# [Records for this exercise]
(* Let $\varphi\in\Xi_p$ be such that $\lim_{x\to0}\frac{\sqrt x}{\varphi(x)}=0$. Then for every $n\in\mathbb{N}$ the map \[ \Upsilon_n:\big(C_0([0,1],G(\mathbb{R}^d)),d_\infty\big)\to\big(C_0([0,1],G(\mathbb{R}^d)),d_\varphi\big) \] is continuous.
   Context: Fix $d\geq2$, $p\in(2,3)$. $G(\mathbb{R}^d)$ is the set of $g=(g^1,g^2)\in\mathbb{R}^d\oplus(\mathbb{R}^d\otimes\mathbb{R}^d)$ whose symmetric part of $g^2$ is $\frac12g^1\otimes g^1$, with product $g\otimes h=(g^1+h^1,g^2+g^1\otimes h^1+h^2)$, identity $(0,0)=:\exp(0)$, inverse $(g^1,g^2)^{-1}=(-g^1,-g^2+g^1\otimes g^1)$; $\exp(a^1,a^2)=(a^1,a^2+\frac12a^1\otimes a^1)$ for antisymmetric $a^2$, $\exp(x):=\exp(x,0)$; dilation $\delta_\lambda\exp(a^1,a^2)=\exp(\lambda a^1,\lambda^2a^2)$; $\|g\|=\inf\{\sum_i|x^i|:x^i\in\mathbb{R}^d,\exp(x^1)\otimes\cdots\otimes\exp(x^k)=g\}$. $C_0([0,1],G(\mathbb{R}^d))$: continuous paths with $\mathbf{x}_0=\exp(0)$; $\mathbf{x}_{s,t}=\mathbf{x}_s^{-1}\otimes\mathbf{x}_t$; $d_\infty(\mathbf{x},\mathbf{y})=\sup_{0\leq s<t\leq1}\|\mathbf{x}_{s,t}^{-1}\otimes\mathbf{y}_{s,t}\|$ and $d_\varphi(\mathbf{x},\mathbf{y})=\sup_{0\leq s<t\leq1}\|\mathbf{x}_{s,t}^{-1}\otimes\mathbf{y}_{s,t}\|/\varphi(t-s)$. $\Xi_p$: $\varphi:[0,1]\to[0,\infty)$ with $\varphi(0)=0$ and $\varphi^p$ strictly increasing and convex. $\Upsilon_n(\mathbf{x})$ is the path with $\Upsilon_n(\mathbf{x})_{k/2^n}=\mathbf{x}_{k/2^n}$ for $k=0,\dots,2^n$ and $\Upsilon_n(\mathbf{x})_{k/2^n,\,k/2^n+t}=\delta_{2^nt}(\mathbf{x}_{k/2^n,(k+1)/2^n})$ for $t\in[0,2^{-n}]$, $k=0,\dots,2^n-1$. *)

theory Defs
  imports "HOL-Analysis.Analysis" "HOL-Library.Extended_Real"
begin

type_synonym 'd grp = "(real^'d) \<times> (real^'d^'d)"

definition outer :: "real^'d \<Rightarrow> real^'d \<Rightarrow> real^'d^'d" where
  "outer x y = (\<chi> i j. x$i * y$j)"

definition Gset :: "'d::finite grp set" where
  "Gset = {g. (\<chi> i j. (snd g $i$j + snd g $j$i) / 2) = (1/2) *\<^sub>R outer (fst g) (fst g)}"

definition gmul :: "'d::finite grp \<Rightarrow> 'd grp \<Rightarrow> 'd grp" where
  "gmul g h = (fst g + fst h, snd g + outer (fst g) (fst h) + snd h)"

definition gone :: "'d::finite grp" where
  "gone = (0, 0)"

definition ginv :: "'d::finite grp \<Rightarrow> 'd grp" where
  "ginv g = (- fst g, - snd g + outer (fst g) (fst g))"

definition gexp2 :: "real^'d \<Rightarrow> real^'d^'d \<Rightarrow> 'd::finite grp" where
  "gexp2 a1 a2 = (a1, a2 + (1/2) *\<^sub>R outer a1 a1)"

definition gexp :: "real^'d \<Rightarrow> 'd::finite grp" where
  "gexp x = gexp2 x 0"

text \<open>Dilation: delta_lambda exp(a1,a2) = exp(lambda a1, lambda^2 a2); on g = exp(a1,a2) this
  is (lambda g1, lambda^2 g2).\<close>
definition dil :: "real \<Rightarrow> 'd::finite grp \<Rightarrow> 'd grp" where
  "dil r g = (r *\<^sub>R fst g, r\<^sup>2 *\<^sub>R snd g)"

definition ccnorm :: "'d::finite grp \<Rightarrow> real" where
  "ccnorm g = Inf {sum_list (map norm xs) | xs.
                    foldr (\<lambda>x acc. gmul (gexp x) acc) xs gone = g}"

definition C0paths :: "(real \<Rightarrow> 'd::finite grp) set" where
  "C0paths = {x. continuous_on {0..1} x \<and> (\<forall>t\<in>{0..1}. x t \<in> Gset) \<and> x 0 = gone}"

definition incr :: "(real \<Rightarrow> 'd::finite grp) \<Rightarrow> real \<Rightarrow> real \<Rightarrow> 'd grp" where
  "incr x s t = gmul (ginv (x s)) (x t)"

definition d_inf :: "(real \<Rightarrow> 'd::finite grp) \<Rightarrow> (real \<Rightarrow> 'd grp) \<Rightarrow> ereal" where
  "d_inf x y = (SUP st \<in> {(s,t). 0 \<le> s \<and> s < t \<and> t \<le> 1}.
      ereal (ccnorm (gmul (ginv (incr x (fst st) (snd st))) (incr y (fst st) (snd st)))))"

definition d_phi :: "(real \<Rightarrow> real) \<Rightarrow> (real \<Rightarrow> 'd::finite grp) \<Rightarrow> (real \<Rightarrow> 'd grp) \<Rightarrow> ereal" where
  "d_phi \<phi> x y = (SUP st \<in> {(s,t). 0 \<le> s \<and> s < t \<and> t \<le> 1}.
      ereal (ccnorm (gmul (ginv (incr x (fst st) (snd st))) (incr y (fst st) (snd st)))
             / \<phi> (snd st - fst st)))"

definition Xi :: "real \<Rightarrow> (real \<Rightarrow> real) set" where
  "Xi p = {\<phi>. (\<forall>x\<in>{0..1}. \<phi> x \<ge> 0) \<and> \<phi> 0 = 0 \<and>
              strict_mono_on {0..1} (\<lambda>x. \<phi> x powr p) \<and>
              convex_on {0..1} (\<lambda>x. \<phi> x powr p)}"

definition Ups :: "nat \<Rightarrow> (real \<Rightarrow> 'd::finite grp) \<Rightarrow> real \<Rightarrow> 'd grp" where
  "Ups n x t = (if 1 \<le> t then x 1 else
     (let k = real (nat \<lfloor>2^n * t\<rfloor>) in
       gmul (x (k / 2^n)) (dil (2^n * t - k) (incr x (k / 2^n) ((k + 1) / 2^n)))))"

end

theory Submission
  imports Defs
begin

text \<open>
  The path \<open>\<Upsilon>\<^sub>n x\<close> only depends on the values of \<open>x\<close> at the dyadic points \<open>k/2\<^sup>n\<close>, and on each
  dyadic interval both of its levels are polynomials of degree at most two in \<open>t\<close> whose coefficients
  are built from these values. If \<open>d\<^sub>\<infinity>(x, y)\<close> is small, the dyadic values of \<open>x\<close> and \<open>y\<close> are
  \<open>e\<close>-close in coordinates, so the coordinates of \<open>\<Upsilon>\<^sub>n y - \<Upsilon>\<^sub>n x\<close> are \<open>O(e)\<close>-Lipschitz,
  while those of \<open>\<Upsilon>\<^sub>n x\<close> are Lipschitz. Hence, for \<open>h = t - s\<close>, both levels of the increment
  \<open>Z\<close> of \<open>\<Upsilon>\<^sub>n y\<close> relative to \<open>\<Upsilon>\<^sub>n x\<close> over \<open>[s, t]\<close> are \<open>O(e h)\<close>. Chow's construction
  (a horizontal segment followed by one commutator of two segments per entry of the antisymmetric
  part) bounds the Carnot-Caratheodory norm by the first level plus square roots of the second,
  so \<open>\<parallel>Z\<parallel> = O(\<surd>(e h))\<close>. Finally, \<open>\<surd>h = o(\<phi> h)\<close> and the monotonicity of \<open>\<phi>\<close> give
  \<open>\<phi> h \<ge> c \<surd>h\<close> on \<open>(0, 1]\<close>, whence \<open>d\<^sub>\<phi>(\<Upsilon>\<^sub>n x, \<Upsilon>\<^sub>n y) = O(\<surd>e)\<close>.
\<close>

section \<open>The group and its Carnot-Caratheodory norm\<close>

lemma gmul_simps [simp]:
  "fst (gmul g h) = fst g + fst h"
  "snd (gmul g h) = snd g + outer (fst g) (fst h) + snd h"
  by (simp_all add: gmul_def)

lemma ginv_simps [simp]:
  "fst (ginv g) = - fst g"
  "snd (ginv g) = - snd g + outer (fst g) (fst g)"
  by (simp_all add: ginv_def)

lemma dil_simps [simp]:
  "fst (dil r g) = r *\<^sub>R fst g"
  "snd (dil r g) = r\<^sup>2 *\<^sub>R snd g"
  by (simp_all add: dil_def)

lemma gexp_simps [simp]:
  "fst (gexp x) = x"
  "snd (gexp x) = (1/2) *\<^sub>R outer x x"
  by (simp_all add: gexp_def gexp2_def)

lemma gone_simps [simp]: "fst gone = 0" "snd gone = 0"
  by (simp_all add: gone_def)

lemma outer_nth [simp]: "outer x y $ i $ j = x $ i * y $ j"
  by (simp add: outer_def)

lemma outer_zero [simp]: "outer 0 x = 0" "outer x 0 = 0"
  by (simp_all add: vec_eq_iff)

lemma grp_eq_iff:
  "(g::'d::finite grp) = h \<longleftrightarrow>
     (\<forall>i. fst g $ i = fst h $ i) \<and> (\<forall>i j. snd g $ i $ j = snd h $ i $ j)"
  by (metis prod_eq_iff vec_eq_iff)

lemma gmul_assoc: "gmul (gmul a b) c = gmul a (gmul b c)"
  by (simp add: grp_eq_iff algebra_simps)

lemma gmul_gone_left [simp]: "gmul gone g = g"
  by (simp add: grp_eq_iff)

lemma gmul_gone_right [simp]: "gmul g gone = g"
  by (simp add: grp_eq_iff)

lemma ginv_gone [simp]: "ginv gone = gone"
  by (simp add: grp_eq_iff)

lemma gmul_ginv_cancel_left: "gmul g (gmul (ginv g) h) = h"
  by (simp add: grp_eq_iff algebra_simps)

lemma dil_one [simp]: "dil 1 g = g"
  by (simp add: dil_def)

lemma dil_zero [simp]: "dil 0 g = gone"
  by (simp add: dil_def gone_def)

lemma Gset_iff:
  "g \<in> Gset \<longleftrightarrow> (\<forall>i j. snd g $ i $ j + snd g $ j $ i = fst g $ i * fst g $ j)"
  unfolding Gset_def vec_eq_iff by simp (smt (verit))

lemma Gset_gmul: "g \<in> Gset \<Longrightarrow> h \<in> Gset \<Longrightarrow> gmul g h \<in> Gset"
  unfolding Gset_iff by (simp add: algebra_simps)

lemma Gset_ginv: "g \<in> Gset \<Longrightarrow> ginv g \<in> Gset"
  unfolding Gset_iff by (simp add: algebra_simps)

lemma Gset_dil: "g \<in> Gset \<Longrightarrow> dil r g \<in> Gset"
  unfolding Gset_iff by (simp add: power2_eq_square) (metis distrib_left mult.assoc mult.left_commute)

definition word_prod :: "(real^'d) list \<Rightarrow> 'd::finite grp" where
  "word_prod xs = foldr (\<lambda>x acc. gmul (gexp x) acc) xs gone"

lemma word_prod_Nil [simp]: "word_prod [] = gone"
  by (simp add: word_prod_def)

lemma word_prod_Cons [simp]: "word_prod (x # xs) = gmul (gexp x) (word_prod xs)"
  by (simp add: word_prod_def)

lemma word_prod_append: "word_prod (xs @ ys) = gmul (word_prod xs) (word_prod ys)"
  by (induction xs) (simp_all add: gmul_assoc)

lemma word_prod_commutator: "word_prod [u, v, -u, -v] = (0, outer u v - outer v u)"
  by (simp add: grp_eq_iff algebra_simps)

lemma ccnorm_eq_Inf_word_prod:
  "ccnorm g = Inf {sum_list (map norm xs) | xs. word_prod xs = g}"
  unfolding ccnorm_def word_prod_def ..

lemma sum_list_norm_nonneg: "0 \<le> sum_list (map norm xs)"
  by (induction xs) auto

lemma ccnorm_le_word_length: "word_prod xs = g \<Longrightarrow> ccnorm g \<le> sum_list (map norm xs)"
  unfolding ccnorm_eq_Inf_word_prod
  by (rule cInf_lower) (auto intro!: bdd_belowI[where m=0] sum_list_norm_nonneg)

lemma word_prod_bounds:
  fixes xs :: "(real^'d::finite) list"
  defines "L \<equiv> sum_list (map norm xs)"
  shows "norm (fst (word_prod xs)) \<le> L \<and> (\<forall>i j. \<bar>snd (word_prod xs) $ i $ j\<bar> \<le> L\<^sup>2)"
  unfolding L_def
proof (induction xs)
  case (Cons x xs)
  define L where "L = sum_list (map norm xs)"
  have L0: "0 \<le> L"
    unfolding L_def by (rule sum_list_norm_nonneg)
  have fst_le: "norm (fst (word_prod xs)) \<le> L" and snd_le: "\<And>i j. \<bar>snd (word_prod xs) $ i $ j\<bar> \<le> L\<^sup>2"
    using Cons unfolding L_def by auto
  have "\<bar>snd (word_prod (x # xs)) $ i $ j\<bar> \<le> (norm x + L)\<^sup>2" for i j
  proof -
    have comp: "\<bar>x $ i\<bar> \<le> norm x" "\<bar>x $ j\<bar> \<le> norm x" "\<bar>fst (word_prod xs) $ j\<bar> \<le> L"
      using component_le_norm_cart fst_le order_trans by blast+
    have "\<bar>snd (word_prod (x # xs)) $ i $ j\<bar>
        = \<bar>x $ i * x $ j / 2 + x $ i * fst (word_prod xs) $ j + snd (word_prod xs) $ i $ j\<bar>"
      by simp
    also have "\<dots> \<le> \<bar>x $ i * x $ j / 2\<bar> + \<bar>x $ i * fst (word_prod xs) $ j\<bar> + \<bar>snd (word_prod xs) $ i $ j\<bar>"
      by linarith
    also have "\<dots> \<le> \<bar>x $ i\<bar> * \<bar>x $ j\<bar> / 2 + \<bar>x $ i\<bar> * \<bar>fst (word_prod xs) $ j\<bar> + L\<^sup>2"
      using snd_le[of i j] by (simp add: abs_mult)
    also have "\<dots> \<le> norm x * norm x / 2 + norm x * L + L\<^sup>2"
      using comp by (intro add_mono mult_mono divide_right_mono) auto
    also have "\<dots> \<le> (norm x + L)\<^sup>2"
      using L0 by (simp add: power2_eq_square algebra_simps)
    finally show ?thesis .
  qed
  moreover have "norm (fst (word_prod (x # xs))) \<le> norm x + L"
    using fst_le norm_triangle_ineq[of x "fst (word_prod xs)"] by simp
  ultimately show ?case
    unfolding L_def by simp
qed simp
==
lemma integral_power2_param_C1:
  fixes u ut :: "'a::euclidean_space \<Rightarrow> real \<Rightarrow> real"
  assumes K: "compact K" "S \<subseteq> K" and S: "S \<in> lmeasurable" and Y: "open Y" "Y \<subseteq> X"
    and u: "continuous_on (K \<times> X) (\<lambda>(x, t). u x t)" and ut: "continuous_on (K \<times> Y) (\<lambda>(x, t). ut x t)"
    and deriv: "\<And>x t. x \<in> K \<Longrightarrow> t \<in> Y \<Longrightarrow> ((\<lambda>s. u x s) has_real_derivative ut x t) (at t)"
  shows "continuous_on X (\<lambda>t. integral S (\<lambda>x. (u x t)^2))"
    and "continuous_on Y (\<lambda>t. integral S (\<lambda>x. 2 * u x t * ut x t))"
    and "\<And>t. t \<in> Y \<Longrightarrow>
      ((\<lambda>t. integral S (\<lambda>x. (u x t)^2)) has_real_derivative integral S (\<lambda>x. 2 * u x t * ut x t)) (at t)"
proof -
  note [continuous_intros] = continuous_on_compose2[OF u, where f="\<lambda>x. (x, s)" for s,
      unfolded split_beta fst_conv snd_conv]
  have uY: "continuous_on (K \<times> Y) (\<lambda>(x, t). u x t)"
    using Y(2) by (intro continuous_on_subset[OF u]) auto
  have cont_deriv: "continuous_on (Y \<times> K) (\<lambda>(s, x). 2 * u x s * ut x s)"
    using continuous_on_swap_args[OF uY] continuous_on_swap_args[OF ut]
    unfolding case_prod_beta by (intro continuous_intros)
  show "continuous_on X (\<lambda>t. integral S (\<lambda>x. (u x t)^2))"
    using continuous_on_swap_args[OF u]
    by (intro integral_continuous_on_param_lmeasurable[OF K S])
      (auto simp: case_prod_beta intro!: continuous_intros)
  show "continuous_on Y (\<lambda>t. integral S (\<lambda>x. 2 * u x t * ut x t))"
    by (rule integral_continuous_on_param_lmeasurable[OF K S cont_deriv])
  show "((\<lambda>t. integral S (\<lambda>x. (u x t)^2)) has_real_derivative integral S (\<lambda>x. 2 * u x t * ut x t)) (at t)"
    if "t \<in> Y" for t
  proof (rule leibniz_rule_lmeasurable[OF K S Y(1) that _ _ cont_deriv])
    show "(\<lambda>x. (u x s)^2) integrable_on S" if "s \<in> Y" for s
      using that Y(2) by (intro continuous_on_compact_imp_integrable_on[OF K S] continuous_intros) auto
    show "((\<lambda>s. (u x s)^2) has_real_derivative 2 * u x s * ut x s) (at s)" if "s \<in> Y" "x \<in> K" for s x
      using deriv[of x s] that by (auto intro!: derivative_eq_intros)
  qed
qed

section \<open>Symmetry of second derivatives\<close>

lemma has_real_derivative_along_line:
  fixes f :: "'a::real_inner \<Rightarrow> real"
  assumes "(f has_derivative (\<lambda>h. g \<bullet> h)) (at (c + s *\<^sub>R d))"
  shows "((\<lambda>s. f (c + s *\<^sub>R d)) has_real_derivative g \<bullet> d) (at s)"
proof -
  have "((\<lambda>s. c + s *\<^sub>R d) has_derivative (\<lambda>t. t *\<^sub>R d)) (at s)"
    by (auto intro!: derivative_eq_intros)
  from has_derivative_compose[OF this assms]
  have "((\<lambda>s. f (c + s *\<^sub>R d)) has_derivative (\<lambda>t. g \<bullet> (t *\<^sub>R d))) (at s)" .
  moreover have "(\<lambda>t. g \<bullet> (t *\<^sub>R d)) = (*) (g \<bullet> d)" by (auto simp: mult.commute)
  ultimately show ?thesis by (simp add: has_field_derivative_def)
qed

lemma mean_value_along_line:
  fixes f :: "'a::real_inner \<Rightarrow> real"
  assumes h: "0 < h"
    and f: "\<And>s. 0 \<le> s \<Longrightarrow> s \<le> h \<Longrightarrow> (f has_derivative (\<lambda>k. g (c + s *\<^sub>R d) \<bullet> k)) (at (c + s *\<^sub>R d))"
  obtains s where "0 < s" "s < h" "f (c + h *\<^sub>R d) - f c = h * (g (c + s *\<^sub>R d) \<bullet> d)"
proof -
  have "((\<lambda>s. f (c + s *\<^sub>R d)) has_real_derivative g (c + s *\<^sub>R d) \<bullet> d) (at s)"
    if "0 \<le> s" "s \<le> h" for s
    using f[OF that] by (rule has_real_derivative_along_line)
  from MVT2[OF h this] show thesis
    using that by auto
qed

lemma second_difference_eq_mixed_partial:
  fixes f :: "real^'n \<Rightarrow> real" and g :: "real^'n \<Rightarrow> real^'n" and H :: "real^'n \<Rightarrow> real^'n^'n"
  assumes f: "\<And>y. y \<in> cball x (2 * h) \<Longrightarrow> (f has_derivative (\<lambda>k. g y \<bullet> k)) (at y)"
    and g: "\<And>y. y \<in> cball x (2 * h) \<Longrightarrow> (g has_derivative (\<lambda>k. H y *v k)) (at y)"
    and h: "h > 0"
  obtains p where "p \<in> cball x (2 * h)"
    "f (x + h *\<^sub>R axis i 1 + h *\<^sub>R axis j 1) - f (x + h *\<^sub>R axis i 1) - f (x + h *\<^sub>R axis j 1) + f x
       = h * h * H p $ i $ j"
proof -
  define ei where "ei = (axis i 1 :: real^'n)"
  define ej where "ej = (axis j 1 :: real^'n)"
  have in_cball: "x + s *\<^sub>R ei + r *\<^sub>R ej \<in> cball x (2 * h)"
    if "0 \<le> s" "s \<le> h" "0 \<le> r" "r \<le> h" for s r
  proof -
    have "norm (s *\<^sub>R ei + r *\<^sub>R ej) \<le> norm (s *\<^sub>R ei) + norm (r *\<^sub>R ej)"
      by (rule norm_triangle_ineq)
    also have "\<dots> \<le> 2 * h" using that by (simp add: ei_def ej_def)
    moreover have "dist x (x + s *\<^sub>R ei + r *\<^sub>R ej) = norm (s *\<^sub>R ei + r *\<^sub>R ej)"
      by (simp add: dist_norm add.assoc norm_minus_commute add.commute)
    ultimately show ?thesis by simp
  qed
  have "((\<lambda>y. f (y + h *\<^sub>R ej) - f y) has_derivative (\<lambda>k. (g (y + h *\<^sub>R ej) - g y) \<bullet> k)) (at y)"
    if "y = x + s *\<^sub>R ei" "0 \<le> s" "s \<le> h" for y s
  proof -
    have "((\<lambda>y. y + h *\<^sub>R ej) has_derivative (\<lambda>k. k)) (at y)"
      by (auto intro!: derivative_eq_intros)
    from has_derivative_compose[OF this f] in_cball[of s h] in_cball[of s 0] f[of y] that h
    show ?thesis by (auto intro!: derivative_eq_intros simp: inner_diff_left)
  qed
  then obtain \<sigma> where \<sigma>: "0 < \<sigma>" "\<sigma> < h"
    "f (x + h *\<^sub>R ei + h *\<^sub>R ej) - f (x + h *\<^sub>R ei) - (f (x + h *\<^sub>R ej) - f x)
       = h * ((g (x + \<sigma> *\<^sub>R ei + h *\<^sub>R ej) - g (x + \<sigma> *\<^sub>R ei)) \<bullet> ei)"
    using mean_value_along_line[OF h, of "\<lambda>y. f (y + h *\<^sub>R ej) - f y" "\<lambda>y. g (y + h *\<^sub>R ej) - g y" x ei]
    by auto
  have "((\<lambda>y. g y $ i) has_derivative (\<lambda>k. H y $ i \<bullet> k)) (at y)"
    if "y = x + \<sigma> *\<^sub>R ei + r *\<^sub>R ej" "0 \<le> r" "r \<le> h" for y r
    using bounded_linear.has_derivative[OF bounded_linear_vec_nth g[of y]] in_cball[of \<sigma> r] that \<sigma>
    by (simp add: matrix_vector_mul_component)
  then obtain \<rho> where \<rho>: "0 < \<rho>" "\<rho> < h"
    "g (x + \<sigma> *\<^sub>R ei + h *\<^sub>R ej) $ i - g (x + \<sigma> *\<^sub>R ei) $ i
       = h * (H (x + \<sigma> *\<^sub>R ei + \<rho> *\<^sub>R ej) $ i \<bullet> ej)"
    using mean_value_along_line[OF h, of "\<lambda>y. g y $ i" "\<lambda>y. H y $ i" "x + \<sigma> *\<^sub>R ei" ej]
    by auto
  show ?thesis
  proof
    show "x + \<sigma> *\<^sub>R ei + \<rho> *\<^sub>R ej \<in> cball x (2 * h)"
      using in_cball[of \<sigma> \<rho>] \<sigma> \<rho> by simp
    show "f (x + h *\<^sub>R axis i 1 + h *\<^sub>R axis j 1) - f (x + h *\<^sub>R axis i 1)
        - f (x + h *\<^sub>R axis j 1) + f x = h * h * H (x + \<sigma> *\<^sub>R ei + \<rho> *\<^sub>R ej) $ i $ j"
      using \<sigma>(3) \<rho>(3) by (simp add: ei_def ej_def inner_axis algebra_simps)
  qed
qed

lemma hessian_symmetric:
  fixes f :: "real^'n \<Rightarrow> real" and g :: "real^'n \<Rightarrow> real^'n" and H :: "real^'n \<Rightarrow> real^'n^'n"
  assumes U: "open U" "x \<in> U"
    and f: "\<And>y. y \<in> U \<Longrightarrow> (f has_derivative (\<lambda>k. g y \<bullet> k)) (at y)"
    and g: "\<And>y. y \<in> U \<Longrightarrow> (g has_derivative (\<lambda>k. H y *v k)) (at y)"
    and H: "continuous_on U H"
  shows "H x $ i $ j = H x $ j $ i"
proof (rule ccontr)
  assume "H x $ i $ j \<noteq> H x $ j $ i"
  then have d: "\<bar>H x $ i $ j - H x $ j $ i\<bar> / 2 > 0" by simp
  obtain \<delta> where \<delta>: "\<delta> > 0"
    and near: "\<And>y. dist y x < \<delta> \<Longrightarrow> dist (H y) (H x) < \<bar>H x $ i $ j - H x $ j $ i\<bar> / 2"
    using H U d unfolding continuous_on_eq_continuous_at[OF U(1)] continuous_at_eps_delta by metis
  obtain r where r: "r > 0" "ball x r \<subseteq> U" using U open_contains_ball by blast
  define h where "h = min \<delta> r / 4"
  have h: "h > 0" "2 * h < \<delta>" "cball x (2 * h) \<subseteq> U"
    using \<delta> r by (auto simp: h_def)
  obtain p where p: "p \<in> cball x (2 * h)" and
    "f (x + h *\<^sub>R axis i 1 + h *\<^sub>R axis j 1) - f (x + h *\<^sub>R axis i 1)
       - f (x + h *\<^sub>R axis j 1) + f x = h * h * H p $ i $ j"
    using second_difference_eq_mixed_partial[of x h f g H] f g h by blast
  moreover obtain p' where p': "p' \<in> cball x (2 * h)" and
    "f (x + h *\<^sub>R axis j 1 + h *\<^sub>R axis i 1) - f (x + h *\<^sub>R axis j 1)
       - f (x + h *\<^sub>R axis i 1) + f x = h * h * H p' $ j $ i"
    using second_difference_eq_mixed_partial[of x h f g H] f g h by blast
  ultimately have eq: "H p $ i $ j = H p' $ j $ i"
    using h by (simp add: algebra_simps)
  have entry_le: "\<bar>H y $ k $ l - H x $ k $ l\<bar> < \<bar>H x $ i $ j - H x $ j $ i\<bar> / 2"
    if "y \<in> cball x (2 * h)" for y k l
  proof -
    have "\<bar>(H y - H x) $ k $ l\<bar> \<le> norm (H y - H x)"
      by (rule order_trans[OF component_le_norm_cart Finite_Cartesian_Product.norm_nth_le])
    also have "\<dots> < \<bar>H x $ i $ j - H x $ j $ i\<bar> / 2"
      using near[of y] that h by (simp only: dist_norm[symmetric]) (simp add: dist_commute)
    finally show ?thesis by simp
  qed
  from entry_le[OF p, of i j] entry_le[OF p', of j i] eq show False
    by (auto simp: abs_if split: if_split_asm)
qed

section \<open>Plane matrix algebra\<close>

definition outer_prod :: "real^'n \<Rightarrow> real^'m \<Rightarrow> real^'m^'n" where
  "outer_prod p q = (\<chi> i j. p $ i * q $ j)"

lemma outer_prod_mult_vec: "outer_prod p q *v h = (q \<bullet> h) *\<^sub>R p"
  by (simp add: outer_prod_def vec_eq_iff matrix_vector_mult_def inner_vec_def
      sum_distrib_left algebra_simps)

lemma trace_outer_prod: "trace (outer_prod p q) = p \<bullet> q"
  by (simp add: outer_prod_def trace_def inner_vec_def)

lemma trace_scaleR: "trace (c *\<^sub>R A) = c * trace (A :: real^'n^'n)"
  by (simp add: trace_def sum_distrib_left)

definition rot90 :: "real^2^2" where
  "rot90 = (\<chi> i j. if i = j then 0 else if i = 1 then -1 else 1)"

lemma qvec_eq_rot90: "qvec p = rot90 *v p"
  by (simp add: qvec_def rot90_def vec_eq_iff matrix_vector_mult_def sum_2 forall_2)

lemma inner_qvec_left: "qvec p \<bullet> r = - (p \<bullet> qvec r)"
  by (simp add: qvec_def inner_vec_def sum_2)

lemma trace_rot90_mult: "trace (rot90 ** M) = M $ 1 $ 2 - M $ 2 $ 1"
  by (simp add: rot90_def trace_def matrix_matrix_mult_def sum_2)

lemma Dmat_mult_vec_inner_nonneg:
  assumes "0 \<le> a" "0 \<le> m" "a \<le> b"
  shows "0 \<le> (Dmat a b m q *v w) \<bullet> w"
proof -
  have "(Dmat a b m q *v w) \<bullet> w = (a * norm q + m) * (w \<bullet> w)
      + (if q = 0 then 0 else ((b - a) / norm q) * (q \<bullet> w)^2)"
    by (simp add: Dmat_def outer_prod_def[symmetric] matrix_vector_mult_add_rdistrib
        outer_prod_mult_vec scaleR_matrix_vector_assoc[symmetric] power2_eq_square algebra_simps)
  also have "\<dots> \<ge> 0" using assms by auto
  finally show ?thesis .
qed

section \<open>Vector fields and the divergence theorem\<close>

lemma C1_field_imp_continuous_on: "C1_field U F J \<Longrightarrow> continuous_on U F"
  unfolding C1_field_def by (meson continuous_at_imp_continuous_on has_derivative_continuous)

# [What you are asked to do]
A single number is required: the count of lines in the data above that include the string "Caratheodory".

# [Solution]
2